Exercise brief: The records below hold a stretch from the line with "ultimately show ?thesis by linarith" through the line with "fixes \<gamma> c t :: real"; return exactly those lines, ends included, and nothing more.
################
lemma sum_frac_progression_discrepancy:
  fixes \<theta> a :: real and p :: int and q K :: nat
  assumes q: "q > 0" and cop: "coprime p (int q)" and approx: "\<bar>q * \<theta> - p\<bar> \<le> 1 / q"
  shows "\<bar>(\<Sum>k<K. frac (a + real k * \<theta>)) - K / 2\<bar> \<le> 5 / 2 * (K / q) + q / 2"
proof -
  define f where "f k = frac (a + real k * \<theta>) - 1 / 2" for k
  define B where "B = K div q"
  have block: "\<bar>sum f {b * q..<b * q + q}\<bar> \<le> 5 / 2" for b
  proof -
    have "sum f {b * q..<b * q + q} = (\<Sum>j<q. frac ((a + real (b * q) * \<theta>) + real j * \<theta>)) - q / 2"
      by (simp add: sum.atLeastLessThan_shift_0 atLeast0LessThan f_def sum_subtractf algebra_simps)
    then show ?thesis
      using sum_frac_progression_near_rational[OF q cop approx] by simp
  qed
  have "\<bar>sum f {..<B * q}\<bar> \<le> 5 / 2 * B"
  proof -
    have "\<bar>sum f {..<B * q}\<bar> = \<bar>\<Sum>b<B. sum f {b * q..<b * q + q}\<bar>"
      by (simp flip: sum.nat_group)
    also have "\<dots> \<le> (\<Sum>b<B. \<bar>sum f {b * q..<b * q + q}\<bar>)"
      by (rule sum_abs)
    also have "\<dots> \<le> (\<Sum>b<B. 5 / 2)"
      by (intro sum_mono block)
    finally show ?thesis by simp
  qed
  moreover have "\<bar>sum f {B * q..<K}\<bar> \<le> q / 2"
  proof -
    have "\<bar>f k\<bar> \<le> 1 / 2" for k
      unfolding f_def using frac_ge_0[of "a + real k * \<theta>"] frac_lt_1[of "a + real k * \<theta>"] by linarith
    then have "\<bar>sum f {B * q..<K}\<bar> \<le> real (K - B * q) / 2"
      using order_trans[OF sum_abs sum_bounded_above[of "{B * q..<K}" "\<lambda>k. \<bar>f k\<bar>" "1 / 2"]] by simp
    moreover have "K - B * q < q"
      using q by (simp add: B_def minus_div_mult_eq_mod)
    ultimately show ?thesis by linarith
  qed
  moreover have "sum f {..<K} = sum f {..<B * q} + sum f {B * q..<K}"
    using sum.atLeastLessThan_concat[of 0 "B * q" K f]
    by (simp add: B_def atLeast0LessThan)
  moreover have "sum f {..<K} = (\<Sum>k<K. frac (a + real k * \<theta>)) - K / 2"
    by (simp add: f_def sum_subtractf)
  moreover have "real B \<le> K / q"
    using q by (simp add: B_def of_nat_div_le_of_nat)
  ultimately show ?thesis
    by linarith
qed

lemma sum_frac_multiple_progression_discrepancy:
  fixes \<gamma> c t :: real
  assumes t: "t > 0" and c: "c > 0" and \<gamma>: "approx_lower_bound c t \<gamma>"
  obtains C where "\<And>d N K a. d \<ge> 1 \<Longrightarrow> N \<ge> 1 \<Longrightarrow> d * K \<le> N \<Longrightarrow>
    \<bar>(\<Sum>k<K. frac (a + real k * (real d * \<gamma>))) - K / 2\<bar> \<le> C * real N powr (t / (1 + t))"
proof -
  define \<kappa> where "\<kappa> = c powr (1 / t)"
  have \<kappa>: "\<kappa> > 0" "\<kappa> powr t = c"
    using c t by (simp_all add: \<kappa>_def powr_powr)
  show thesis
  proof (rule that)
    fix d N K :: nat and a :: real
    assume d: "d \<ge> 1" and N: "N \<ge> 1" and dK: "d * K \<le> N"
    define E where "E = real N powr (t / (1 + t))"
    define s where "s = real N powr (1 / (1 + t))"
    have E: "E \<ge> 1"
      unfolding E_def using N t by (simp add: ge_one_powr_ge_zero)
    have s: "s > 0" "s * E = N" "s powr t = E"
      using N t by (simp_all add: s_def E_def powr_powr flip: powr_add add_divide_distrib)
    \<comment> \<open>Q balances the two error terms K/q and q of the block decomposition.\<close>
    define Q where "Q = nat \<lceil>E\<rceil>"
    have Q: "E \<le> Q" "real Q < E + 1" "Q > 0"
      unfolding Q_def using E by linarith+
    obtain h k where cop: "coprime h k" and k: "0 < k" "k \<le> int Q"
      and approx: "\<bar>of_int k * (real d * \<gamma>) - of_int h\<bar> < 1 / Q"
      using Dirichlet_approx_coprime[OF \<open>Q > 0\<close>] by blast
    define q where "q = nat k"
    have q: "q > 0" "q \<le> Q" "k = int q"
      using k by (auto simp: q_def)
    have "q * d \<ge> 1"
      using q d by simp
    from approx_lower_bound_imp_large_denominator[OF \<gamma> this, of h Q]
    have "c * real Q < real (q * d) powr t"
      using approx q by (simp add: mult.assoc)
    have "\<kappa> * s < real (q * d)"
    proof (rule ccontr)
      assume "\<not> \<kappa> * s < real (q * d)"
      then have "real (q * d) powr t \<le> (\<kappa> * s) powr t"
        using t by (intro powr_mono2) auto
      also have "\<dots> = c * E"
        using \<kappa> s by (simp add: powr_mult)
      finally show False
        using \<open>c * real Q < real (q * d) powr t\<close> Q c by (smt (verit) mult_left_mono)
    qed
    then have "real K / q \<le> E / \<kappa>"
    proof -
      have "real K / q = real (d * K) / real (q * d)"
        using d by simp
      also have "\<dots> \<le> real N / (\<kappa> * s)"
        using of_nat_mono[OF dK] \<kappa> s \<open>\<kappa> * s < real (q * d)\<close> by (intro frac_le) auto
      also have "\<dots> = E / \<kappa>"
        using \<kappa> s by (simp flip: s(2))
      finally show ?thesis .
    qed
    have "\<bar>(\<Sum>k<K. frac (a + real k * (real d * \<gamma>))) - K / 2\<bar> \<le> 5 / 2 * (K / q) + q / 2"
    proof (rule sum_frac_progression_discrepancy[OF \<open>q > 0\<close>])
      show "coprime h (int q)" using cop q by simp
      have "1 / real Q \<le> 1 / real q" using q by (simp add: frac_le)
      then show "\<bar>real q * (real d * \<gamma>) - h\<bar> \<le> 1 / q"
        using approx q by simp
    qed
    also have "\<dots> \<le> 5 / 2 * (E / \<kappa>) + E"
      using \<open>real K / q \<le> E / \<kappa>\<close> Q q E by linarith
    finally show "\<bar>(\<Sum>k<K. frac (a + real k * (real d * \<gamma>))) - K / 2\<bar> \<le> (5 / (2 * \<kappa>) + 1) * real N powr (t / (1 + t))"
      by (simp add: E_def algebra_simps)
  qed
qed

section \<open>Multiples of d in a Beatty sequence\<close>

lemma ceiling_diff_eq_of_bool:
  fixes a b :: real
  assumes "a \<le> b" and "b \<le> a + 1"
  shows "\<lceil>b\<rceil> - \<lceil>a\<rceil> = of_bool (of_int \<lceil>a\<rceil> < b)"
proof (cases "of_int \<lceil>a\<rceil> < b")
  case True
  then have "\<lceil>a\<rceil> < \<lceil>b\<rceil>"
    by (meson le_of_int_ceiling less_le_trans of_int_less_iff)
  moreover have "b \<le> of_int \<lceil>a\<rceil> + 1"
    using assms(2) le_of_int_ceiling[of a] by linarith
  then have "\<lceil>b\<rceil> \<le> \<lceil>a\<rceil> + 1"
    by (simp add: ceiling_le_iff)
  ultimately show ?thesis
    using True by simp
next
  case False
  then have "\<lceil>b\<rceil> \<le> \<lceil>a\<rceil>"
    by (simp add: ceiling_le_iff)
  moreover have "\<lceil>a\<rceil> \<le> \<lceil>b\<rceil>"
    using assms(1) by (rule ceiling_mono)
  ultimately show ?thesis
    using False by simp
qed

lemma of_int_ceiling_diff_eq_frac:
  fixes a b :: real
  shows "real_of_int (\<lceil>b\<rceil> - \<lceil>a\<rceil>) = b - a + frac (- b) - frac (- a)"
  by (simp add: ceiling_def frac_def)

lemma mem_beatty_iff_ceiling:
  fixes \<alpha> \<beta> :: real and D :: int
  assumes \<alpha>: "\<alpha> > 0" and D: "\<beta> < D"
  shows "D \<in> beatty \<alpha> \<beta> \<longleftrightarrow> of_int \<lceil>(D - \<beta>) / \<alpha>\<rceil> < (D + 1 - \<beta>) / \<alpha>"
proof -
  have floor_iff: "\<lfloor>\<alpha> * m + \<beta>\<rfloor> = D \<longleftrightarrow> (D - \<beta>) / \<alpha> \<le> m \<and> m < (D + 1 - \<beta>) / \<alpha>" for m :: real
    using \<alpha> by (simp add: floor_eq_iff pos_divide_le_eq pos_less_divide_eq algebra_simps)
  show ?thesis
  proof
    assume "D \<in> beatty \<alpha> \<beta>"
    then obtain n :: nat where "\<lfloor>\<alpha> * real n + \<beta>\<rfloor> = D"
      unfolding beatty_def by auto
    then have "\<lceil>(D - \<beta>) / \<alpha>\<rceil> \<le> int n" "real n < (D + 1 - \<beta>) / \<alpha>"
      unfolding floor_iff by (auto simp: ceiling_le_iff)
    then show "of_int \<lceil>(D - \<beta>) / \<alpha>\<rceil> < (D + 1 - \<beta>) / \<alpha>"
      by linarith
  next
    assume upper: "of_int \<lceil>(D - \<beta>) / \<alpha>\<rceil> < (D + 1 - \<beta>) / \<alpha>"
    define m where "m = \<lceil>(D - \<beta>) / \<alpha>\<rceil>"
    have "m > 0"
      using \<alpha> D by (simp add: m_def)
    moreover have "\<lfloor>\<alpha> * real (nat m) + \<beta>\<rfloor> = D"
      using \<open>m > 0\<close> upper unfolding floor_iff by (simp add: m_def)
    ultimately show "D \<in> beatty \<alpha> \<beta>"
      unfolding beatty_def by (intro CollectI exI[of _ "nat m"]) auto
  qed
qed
################
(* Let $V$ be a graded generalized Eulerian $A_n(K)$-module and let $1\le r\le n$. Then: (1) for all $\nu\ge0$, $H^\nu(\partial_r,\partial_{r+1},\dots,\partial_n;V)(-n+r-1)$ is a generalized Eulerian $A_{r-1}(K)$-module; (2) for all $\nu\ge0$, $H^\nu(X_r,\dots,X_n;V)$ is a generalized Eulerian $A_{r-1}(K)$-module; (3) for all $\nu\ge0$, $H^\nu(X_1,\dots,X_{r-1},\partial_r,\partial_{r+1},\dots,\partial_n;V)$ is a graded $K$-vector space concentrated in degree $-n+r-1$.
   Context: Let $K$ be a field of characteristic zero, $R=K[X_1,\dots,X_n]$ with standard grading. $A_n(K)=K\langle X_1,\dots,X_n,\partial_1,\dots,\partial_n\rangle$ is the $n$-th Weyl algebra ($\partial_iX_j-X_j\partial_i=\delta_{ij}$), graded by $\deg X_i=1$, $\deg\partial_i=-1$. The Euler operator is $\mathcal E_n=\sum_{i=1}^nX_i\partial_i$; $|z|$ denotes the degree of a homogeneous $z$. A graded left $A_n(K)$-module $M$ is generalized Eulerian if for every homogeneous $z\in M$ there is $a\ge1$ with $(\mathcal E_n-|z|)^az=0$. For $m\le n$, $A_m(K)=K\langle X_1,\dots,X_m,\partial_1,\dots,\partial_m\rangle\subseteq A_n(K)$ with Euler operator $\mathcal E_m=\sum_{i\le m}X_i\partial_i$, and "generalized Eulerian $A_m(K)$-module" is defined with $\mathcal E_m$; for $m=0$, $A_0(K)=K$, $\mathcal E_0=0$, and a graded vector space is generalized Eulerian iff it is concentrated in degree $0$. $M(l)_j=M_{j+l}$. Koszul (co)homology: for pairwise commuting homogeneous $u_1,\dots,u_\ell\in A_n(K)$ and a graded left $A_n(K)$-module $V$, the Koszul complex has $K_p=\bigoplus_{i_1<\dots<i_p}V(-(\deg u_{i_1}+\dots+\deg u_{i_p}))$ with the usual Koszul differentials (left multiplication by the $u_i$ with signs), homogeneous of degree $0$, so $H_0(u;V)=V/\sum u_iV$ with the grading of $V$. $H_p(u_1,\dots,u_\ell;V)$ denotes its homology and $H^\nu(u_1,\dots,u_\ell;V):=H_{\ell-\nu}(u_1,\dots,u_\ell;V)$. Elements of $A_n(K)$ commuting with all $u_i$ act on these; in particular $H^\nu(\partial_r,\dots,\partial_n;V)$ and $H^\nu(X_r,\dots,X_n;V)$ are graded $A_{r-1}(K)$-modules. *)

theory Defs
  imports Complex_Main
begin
################
Task response:
    ultimately show ?thesis by linarith
  qed
  moreover have "sum f {..<K} = sum f {..<B * q} + sum f {B * q..<K}"
    using sum.atLeastLessThan_concat[of 0 "B * q" K f]
    by (simp add: B_def atLeast0LessThan)
  moreover have "sum f {..<K} = (\<Sum>k<K. frac (a + real k * \<theta>)) - K / 2"
    by (simp add: f_def sum_subtractf)
  moreover have "real B \<le> K / q"
    using q by (simp add: B_def of_nat_div_le_of_nat)
  ultimately show ?thesis
    by linarith
qed

lemma sum_frac_multiple_progression_discrepancy:
  fixes \<gamma> c t :: real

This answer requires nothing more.